R Tip: If you are using a date-time class, instead
of just a date class, you need to use scale_x_datetime().
Subset The Data
Now let's create a subset of the data and plot it.
# subset 2 months around flood
precip.boulder_AugOct <- subset(precip.boulder_daily,
DATE >= as.Date('2013-08-15') &
DATE <= as.Date('2013-10-15'))
# check the first & last dates
min(precip.boulder_AugOct$DATE)
## [1] "2013-08-21"
max(precip.boulder_AugOct$DATE)
## [1] "2013-10-11"
# create new plot
precPlot_flood2 <- ggplot(data=precip.boulder_AugOct, aes(DATE,PRECIP)) +
geom_bar(stat="identity") +
xlab("Time") + ylab("Precipitation (inches)") +
ggtitle("Daily Total Precipitation \n Boulder Creek 2013")
precPlot_flood2
Interactive Plots - Plotly
Let's turn our plot into an interactive Plotly plot.

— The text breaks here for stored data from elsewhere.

lemma sum_ordered_partition:
  assumes "finite M" "S \<in> ordered_partitions M N"
  shows "sum v M = (\<Sum>j=1..N. sum v (S j))"
proof -
  have "sum v M = sum v (\<Union>j\<in>{1..N}. S j)"
    by (simp only: ordered_partitions_UN[OF assms(2)])
  also have "\<dots> = (\<Sum>j=1..N. sum v (S j))"
  proof (rule sum.UNION_disjoint)
    show "\<forall>j\<in>{1..N}. finite (S j)"
      using assms ordered_partitions_part_subset finite_subset by metis
  qed (simp_all add: ordered_partitions_disjoint[OF assms(2)])
  finally show ?thesis .
qed

lemma finite_ordered_partitions:
  assumes "finite M"
  shows "finite (ordered_partitions M N)"
proof (rule finite_imageD)
  show "inj_on (\<lambda>S. restrict S {1..N}) (ordered_partitions M N)"
  proof (rule inj_onI)
    fix S T assume S: "S \<in> ordered_partitions M N" and T: "T \<in> ordered_partitions M N"
      and eq: "restrict S {1..N} = restrict T {1..N}"
    show "S = T"
    proof
      fix j show "S j = T j"
        using eq ordered_partitions_outside[OF S] ordered_partitions_outside[OF T]
        by (cases "j \<in> {1..N}") (metis restrict_apply', simp)
    qed
  qed
  have "(\<lambda>S. restrict S {1..N}) ` ordered_partitions M N \<subseteq> Pi\<^sub>E {1..N} (\<lambda>_. Pow M)"
  proof (rule image_subsetI)
    fix S assume "S \<in> ordered_partitions M N"
    then have "\<forall>j\<in>{1..N}. S j \<in> Pow M"
      using ordered_partitions_part_subset by blast
    then show "restrict S {1..N} \<in> Pi\<^sub>E {1..N} (\<lambda>_. Pow M)"
      by (simp only: restrict_PiE_iff)
  qed
  then show "finite ((\<lambda>S. restrict S {1..N}) ` ordered_partitions M N)"
    by (rule finite_subset) (simp add: assms finite_PiE)
qed

lemma MmS_eq_if_equal_parts:
  assumes "finite M" "N > 0" "P \<in> ordered_partitions M N" "\<forall>j\<in>{1..N}. sum v (P j) = t"
  shows "MmS v N M = t"
  unfolding MmS_def
proof (rule Max_eqI)
  show "finite ((\<lambda>S. Min ((\<lambda>j. sum v (S j)) ` {1..N})) ` ordered_partitions M N)"
    using finite_ordered_partitions[OF assms(1)] by (rule finite_imageI)
next
  fix y assume "y \<in> (\<lambda>S. Min ((\<lambda>j. sum v (S j)) ` {1..N})) ` ordered_partitions M N"
  then obtain S where S: "S \<in> ordered_partitions M N"
    and y: "y = Min ((\<lambda>j. sum v (S j)) ` {1..N})"
    by blast
  have "of_nat N * y = (\<Sum>j=1..N. y)" by simp
  also have "\<dots> \<le> (\<Sum>j=1..N. sum v (S j))"
    unfolding y by (rule sum_mono) simp
  also have "\<dots> = (\<Sum>j=1..N. sum v (P j))"
    by (simp only: sum_ordered_partition[OF assms(1) S, symmetric] sum_ordered_partition[OF assms(1,3), symmetric])
  also have "\<dots> = of_nat N * t"
    using assms(4) by simp
  finally show "y \<le> t"
    using assms(2) by (simp add: mult_le_cancel_left_pos)
next
  have "(\<lambda>j. sum v (P j)) ` {1..N} = {t}"
    using assms(2,4) by (auto simp: image_constant_conv)
  then show "t \<in> (\<lambda>S. Min ((\<lambda>j. sum v (S j)) ` {1..N})) ` ordered_partitions M N"
    using assms(3) by (intro rev_image_eqI[of P]) simp_all
qed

# setup your plot.ly credentials; if not already set up
#Sys.setenv("plotly_username"="your.user.name.here")
#Sys.setenv("plotly_api_key"="your.key.here")
# view plotly plot in R
ggplotly(precPlot_flood2)
# publish plotly plot to your plot.ly online account when you are happy with it
api_create(precPlot_flood2)
Challenge: Plot Precip for Boulder Station Since 1948
The Boulder precipitation station has been recording data since 1948. Use the
steps above to create a plot of the full record of precipitation at this station (1948 - 2013).
The full dataset takes considerable time to download, so we recommend you use the dataset provided in the compressed file ("805333-precip_daily_1948-2013.csv").
As an added challenge, aggregate the data by month instead of by day.
Additional Resources
Units & Scale
If you are using a dataset downloaded before 2016, the units were in
hundredths of an inch, this isn't the most useful measure. You might want to
create a new column PRECIP that contains the data from HPCP converted to
inches.
# convert from 100th inch by dividing by 100
precip.boulder$PRECIP<-precip.boulder$HPCP/100
# view & check to make sure conversion occurred
head(precip.boulder)
## STATION STATION_NAME ELEVATION LATITUDE LONGITUDE DATE
## 1 COOP:050843 BOULDER 2 CO US 1650.5 40.03389 -105.2811 2003-01-01
## 2 COOP:050843 BOULDER 2 CO US 1650.5 40.03389 -105.2811 2003-02-01
## 3 COOP:050843 BOULDER 2 CO US 1650.5 40.03389 -105.2811 2003-02-03
## 4 COOP:050843 BOULDER 2 CO US 1650.5 40.03389 -105.2811 2003-02-03
## 5 COOP:050843 BOULDER 2 CO US 1650.5 40.03389 -105.2811 2003-02-03
## 6 COOP:050843 BOULDER 2 CO US 1650.5 40.03389 -105.2811 2003-02-05
## HPCP Measurement.Flag Quality.Flag DateTime PRECIP
## 1 0.0 g 2003-01-01 01:00:00 0.000
## 2 0.0 g 2003-02-01 01:00:00 0.000
## 3 0.2 2003-02-02 19:00:00 0.002
## 4 0.1 2003-02-02 22:00:00 0.001
## 5 0.1 2003-02-03 02:00:00 0.001
## 6 0.1 2003-02-05 02:00:00 0.001
Question
Compare HPCP and PRECIP. Did we do the conversion correctly?